Problem description: Below are some entries. Count the lines where "obtain" appears and state only that number.

Data for the task:
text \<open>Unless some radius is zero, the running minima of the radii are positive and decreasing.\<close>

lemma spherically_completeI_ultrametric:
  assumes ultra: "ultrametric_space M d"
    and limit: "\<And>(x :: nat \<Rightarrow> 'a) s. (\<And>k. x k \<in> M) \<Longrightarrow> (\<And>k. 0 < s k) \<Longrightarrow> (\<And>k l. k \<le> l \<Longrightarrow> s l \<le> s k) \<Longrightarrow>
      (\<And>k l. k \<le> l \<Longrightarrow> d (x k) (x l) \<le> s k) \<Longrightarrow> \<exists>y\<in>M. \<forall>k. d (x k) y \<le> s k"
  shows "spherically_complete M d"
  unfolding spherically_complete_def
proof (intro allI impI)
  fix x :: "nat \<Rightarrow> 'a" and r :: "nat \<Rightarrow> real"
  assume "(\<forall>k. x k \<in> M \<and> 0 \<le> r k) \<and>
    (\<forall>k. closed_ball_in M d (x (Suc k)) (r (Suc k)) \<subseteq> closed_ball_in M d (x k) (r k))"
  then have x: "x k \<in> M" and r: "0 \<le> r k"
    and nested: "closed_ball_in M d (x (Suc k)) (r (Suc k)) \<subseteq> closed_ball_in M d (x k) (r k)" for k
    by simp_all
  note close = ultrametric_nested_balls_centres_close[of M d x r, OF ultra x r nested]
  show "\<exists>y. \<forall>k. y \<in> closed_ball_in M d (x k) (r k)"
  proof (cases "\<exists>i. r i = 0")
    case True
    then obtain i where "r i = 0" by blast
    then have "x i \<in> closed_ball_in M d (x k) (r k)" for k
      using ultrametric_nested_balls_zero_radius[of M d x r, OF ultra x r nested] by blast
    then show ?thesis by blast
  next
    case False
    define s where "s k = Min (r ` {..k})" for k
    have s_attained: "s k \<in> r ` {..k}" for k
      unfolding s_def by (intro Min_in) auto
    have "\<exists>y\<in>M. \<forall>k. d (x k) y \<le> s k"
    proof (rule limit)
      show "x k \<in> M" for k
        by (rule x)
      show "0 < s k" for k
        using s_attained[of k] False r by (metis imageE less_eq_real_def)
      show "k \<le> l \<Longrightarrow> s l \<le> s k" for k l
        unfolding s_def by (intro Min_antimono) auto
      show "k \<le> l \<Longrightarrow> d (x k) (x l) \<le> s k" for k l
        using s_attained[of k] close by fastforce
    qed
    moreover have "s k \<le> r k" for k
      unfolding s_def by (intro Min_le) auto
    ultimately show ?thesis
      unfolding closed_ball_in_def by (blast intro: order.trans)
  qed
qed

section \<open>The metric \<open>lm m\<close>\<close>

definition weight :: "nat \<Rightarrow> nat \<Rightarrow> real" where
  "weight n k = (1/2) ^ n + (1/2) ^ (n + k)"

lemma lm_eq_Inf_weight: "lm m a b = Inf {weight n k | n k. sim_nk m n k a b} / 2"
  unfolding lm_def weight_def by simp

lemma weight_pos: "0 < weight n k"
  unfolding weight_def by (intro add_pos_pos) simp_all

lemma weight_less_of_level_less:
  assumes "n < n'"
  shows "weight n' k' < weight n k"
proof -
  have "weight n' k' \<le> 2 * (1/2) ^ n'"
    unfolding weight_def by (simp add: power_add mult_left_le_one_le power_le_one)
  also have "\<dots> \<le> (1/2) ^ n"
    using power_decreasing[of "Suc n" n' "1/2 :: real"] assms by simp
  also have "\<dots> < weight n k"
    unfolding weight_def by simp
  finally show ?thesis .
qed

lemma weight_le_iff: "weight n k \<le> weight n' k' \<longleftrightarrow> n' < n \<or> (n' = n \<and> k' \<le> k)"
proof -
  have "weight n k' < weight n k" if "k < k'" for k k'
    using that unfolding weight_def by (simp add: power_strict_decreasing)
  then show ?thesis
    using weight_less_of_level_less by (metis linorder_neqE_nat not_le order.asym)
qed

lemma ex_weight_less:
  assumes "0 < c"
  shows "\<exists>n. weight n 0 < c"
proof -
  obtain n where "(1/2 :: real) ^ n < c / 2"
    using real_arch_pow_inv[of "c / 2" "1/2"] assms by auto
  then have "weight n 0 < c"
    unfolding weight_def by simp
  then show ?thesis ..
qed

Problem solution: 2